Aim of the task ->
Please filter the data below down to the lines holding the string "that".

Stored entries ->
Start of Block
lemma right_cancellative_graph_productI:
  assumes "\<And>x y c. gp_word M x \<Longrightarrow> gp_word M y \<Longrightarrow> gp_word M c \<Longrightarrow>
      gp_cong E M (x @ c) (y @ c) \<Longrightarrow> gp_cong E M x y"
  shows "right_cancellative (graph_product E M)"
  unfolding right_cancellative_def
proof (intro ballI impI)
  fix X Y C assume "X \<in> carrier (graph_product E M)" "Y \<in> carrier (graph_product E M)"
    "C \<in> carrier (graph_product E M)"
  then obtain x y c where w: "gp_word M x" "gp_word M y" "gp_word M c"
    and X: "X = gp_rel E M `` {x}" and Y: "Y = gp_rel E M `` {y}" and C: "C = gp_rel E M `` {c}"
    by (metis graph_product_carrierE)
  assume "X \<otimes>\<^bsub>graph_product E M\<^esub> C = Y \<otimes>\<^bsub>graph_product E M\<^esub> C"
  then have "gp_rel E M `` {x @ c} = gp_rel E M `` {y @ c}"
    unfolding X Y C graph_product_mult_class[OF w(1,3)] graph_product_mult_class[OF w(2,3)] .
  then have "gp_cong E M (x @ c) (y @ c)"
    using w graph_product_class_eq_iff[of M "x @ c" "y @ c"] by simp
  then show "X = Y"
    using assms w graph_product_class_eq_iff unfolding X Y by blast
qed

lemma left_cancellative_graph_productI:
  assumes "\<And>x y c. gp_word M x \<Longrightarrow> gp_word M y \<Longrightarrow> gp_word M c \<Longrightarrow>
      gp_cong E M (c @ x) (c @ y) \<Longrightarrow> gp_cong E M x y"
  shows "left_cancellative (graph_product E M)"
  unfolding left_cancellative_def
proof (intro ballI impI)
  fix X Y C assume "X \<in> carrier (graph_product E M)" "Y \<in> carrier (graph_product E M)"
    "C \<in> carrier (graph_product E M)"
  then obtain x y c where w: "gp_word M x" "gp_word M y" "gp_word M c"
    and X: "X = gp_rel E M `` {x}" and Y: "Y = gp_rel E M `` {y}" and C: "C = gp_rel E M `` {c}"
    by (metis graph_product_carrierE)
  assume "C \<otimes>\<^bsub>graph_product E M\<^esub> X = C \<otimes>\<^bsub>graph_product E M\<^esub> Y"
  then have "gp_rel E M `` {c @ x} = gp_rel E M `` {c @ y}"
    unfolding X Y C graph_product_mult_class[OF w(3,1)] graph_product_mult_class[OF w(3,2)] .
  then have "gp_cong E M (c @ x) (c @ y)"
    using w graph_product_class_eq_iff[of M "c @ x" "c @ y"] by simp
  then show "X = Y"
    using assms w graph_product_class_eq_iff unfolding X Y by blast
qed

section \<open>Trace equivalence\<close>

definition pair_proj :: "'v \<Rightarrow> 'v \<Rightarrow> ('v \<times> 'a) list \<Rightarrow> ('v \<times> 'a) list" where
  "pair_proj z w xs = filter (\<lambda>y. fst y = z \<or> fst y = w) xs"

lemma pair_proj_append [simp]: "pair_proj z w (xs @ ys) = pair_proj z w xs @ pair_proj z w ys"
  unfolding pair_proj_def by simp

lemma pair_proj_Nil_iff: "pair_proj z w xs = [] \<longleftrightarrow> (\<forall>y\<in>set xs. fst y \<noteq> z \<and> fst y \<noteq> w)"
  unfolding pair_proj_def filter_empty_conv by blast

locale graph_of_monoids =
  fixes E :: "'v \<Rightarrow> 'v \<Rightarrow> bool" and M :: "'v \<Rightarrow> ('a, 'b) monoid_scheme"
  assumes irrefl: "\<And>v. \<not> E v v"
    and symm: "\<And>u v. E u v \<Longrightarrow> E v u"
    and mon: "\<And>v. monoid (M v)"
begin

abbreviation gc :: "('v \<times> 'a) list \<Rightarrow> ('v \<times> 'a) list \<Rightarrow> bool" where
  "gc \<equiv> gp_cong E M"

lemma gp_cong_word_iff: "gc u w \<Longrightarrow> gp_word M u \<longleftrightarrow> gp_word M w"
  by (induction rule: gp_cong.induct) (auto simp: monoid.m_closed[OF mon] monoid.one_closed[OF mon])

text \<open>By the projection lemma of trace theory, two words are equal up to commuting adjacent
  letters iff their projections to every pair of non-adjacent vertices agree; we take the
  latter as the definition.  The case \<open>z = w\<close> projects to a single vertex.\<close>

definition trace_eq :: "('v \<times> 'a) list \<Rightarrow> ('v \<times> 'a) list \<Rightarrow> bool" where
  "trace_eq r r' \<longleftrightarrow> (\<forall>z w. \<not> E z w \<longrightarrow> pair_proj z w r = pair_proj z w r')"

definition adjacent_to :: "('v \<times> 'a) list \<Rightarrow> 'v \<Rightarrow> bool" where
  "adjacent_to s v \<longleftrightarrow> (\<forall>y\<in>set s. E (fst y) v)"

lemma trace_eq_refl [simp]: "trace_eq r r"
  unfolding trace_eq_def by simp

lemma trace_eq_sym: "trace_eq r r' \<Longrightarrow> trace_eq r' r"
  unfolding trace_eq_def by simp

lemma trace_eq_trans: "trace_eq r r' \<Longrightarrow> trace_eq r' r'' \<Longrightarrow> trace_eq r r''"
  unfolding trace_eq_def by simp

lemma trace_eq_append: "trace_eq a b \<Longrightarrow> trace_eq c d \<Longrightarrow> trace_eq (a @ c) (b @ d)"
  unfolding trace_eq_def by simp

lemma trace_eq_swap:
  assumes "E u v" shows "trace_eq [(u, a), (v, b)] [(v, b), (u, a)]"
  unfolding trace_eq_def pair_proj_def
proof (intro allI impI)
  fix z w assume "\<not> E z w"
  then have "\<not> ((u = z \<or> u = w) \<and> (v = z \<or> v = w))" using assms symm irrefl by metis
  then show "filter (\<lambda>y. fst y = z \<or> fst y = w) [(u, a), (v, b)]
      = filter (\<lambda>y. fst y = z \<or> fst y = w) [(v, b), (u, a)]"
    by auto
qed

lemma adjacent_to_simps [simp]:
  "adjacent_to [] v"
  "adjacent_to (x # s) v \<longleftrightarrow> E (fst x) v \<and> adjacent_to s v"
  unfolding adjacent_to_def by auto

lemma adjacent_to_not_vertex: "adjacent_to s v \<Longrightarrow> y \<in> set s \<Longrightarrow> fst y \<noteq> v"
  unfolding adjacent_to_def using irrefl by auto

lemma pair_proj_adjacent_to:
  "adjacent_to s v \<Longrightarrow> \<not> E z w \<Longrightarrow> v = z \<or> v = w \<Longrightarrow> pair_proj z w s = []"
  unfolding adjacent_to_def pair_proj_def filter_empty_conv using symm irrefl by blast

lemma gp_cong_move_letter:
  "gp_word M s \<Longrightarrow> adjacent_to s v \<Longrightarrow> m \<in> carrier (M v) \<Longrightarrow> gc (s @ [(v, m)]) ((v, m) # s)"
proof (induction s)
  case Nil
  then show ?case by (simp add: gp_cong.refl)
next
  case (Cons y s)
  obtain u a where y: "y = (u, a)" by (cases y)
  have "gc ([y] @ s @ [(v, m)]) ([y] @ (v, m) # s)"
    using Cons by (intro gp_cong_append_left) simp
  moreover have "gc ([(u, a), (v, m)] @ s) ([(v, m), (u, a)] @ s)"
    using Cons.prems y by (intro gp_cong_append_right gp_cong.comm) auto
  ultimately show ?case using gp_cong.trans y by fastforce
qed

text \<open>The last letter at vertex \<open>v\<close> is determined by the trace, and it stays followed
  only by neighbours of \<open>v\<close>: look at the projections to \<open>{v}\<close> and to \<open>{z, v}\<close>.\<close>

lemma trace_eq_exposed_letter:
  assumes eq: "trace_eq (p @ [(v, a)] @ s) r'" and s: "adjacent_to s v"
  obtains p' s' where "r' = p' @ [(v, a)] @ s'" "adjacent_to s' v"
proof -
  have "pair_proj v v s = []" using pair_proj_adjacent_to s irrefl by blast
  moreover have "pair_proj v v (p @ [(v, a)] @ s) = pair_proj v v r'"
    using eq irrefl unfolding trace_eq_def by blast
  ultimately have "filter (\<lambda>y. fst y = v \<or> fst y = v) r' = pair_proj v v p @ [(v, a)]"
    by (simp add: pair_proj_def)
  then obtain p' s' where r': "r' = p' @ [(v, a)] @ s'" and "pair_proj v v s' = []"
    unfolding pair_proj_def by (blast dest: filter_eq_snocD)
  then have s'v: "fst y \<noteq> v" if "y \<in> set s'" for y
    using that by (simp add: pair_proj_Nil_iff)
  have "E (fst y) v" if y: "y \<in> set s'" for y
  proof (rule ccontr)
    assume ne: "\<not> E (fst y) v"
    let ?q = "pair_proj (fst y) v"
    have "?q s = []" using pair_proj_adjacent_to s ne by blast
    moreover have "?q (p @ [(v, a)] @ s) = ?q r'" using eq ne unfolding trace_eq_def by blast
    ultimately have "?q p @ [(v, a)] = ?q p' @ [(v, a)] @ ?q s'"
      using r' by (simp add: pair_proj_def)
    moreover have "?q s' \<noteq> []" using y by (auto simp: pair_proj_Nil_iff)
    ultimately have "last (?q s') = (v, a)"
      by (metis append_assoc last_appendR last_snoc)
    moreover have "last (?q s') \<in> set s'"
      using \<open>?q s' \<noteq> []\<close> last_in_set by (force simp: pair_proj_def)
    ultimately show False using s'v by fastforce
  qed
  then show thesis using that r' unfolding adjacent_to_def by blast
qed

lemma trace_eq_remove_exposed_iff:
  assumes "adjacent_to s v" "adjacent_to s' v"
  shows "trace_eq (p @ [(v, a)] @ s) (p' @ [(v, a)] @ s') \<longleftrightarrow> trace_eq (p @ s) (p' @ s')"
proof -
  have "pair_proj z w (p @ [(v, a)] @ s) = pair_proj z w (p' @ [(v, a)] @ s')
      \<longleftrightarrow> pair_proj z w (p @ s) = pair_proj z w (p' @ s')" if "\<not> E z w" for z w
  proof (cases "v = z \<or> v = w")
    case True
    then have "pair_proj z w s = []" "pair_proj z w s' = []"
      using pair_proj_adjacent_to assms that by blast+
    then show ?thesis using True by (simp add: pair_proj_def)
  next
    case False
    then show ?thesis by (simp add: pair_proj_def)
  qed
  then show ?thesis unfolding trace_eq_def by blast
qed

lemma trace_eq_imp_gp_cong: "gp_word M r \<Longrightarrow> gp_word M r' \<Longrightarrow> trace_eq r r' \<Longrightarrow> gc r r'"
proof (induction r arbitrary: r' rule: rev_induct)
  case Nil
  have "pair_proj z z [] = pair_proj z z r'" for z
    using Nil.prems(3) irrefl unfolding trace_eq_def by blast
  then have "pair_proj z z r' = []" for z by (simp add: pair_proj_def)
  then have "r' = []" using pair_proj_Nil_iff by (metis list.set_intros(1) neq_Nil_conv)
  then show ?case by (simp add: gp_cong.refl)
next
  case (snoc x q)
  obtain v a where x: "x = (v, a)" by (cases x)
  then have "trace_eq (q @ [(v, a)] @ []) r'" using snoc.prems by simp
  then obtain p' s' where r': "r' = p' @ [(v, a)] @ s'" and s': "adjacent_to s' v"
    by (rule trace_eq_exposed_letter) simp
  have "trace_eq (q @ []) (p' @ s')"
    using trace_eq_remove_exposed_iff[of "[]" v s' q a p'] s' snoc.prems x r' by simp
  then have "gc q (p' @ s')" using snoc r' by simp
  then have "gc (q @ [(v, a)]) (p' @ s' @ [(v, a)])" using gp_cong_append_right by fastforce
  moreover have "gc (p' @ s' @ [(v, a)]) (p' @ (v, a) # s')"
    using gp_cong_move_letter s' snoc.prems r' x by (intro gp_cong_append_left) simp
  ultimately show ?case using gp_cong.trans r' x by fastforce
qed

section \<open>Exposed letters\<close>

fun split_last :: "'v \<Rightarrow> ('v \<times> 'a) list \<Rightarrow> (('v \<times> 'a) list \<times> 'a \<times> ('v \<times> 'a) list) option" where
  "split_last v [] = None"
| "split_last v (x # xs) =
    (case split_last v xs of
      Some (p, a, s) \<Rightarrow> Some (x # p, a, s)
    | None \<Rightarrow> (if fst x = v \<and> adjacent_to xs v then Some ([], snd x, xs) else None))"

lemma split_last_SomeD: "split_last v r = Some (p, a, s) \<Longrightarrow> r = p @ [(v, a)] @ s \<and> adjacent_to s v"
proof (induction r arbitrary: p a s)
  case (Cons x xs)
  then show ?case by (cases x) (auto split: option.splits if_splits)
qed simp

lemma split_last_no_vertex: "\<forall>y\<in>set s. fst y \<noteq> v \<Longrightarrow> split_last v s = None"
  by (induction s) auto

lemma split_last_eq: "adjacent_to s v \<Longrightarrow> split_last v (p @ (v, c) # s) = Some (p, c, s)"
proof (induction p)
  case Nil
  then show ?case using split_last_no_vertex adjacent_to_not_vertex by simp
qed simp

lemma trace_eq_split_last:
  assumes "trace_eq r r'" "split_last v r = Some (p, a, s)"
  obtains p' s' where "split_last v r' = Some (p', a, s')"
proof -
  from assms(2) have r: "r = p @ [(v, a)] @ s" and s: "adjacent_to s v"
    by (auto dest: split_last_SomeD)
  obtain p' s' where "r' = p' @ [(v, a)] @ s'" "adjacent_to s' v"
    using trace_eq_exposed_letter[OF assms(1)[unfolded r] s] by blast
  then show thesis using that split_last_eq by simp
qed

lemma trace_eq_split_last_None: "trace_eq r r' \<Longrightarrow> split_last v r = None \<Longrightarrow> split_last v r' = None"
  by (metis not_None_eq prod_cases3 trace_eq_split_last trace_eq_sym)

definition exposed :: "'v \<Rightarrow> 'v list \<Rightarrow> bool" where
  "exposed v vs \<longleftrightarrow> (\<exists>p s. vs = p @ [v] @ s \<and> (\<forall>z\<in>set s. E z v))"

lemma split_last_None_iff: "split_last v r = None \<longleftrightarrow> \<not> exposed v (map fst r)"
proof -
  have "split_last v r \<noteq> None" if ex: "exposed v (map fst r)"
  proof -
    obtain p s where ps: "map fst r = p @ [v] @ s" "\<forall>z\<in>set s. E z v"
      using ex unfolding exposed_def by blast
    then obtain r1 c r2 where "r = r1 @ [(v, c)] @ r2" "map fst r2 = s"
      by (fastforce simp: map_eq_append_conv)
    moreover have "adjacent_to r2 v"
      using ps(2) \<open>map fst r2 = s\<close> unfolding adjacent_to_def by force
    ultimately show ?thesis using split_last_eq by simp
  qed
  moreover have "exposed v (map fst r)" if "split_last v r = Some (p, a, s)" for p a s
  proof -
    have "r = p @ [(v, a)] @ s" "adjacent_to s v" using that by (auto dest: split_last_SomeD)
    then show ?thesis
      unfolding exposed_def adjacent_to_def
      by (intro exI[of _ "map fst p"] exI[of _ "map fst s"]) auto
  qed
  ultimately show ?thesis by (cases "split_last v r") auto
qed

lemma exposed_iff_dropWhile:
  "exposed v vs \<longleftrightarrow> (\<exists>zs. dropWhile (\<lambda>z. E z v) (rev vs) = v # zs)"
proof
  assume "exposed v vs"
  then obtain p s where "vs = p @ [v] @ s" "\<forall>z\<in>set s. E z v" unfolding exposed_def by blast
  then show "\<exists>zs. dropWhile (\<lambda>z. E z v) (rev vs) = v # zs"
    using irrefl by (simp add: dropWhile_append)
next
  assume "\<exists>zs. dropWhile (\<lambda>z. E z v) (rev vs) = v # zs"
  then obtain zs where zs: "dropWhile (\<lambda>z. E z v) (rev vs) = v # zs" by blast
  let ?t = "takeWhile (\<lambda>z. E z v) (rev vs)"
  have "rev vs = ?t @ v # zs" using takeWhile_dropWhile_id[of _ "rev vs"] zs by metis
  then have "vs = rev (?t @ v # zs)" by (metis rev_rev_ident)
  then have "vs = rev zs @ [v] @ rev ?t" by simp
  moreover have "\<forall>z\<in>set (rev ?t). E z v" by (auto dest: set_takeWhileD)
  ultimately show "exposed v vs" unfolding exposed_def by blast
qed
End of Block
Expected output ->
    using that by (simp add: pair_proj_Nil_iff)
  then show thesis using that r' unfolding adjacent_to_def by blast
      using pair_proj_adjacent_to assms that by blast+
  then show thesis using that split_last_eq by simp
    have "r = p @ [(v, a)] @ s" "adjacent_to s v" using that by (auto dest: split_last_SomeD)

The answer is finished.